▶ _Description of the task_
Only lines that contain the word "shows" belong in the answer; copy them from the records below.

Dataset entries:
-- Opening Marker --
(* Let $\lambda$ be an indeterminate and define polynomials $S_n\in\mathbb{R}[\lambda]$ by $S_1=1$ and, for integers $n\ge2$, $$S_n=S_{n-1}-\sum_{j=1}^{n-1}(-\lambda)^j\,S_{n-j}\,M_{j,n}(1).$$ Then for all integers $0\le k<n$, the coefficient of $\lambda^k$ in $S_n$ equals $P_k(n)$; in particular $S_n|_{\lambda=1}=\sigma(n)$ and $S_n|_{\lambda=-1}=\rho(n)$.
   Context: For integers $n>j>0$ and real $y\in[0,1]$, $M_{j,n}(y)=\sum_{n_1>\cdots>n_j>0}\prod_{i=1}^{j}z_i^{n_i}/n_i$ with $z_1=y/n$ and $z_i=(n+2-i)/(n+1-i)$ for $1<i\le j$. The functions $P_k$ are defined by $P_0(u)=1$ for $u\ge0$, and for integers $k\ge1$, $P_k:[k,\infty)\to\mathbb{R}$ with $P_k(k)=0$ and $uP_k'(u)=P_{k-1}(u-1)$ for $u\ge k$. $\rho$ is the Dickman function (continuous, $\rho=1$ on $[0,1]$, $u\rho'(u)=-\rho(u-1)$ for $u>1$); $\sigma(u)=(u+1)\omega(u+1)$ with $\omega$ the Buchstab function (continuous on $[1,\infty)$, $u\omega(u)=1$ on $[1,2]$, $u\omega'(u)=\omega(u-1)-\omega(u)$ for $u>2$). *)

theory Defs
  imports "HOL-Analysis.Analysis" "HOL-Computational_Algebra.Polynomial"
begin

text \<open>The point z_i of M_{j,n}; here indexed from 0, so mz n y 0 = y/n and
  mz n y i = (n+1-i)/(n-i) for i >= 1 (i.e. z_{i+1} in the paper's 1-based indexing).\<close>
definition mz :: "nat \<Rightarrow> real \<Rightarrow> nat \<Rightarrow> real" where
  "mz n y i = (if i = 0 then y / real n else (real n + 1 - real i) / (real n - real i))"

definition dec_tuples :: "nat \<Rightarrow> nat list set" where
  "dec_tuples j = {ns. length ns = j \<and> sorted_wrt (>) ns \<and> (\<forall>m\<in>set ns. m > 0)}"

definition M :: "nat \<Rightarrow> nat \<Rightarrow> real \<Rightarrow> real" where
  "M j n y = (\<Sum>\<^sub>\<infinity>ns\<in>dec_tuples j. \<Prod>i<j. mz n y i ^ (ns ! i) / real (ns ! i))"

fun S :: "nat \<Rightarrow> real poly" where
  "S 0 = 0"
| "S (Suc 0) = 1"
| "S (Suc (Suc m)) = S (Suc m) -
     (\<Sum>j\<in>{1..Suc m}. [:0, -1:] ^ j * S (Suc (Suc m) - j) * [:M j (Suc (Suc m)) 1:])"

end

theory Submission
  imports Defs
begin

text \<open>
  By the recursion for \<open>S\<close>, the claim on coefficients reduces to the identity
  \<open>P\<^sub>k(n) - P\<^sub>k(n - y) = \<Sum>\<^sub>j\<^sub>=\<^sub>1\<^sup>k (-1)\<^sup>j\<^sup>+\<^sup>1 P\<^sub>k\<^sub>-\<^sub>j(n - j) M\<^sub>j\<^sub>,\<^sub>n(y)\<close> at \<open>y = 1\<close>.
  It is proved for \<open>0 \<le> y \<le> 1\<close> by induction on \<open>k\<close>: both sides vanish at \<open>y = 0\<close>, and
  since \<open>(n - y) M'\<^sub>j\<^sub>,\<^sub>n(y) = M\<^sub>j\<^sub>-\<^sub>1\<^sub>,\<^sub>n\<^sub>-\<^sub>1(y)\<close> (a telescoping computation on the power series
  of \<open>M\<^sub>j\<^sub>,\<^sub>n\<close> in \<open>y\<close>), the derivatives agree by the induction hypothesis at \<open>n - 1\<close>.
  For the evaluations, \<open>\<Sum>\<^sub>k s\<^sup>k P\<^sub>k(u)\<close> solves the delay equation \<open>u f'(u) = s f(u - 1)\<close> with
  \<open>f = 1\<close> on \<open>[0, 1]\<close>; \<open>\<sigma>\<close> and \<open>\<rho>\<close> are its solutions for \<open>s = 1\<close> and \<open>s = -1\<close>.
\<close>

lemma has_sum_of_exhausting_incseq:
  fixes f :: "'a \<Rightarrow> real"
  assumes nonneg: "\<And>x. x \<in> A \<Longrightarrow> f x \<ge> 0"
    and mono: "mono F" and finite: "\<And>m. finite (F m)" and subset: "\<And>m. F m \<subseteq> A"
    and exhaust: "\<And>X. finite X \<Longrightarrow> X \<subseteq> A \<Longrightarrow> \<exists>m. X \<subseteq> F m"
    and lim: "(\<lambda>m. sum f (F m)) \<longlonglongrightarrow> L"
  shows "(f has_sum L) A"
proof -
  have sum_le: "sum f X \<le> sum f Y" if "X \<subseteq> Y" "finite Y" "Y \<subseteq> A" for X Y
    using that nonneg by (intro sum_mono2) auto
  have "incseq (\<lambda>m. sum f (F m))"
    using mono finite subset by (intro incseq_SucI sum_le) (auto simp: mono_def)
  then have le_L: "sum f (F m) \<le> L" for m
    by (rule incseq_le[OF _ lim])
  show ?thesis
    unfolding has_sum_def
  proof (rule order_tendstoI)
    fix a
    assume "a < L"
    then obtain m where m: "a < sum f (F m)"
      using order_tendstoD(1)[OF lim] eventually_sequentially by (metis order.refl)
    have "\<forall>\<^sub>F X in finite_subsets_at_top A. F m \<subseteq> X \<and> finite X \<and> X \<subseteq> A"
      using finite subset by (auto simp: eventually_finite_subsets_at_top)
    then show "\<forall>\<^sub>F X in finite_subsets_at_top A. a < sum f X"
      by eventually_elim (use m sum_le in \<open>blast intro: less_le_trans\<close>)
  next
    fix a
    assume "L < a"
    show "\<forall>\<^sub>F X in finite_subsets_at_top A. sum f X < a"
    proof (rule eventually_finite_subsets_at_top_weakI)
      fix X
      assume "finite X" "X \<subseteq> A"
      then obtain m where "X \<subseteq> F m"
        using exhaust by blast
      then have "sum f X \<le> sum f (F m)"
        by (rule sum_le) (use finite subset in auto)
      with le_L[of m] \<open>L < a\<close> show "sum f X < a"
        by linarith
    qed
  qed
qed

lemma summable_of_nat_pow_mult_power:
  fixes x :: real
  assumes "norm x < 1"
  shows "summable (\<lambda>k. real k ^ j * x ^ k)"
  using assms
proof (induction j arbitrary: x)
  case 0
  then show ?case by (simp add: summable_geometric)
next
  case (Suc j)
  have "summable (\<lambda>k. diffs (\<lambda>k. real k ^ j) k * x ^ k)"
    by (rule termdiff_converges[where K = 1]) (use Suc in auto)
  then have "summable (\<lambda>k. real (Suc k) ^ Suc j * x ^ k * x)"
    by (intro summable_mult2) (simp add: diffs_def)
  then show ?case
    by (subst summable_Suc_iff[symmetric]) (simp add: mult_ac)
qed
-- Closing Marker --
▶ _Problem solution_
  shows "(f has_sum L) A"
  shows "summable (\<lambda>k. real k ^ j * x ^ k)"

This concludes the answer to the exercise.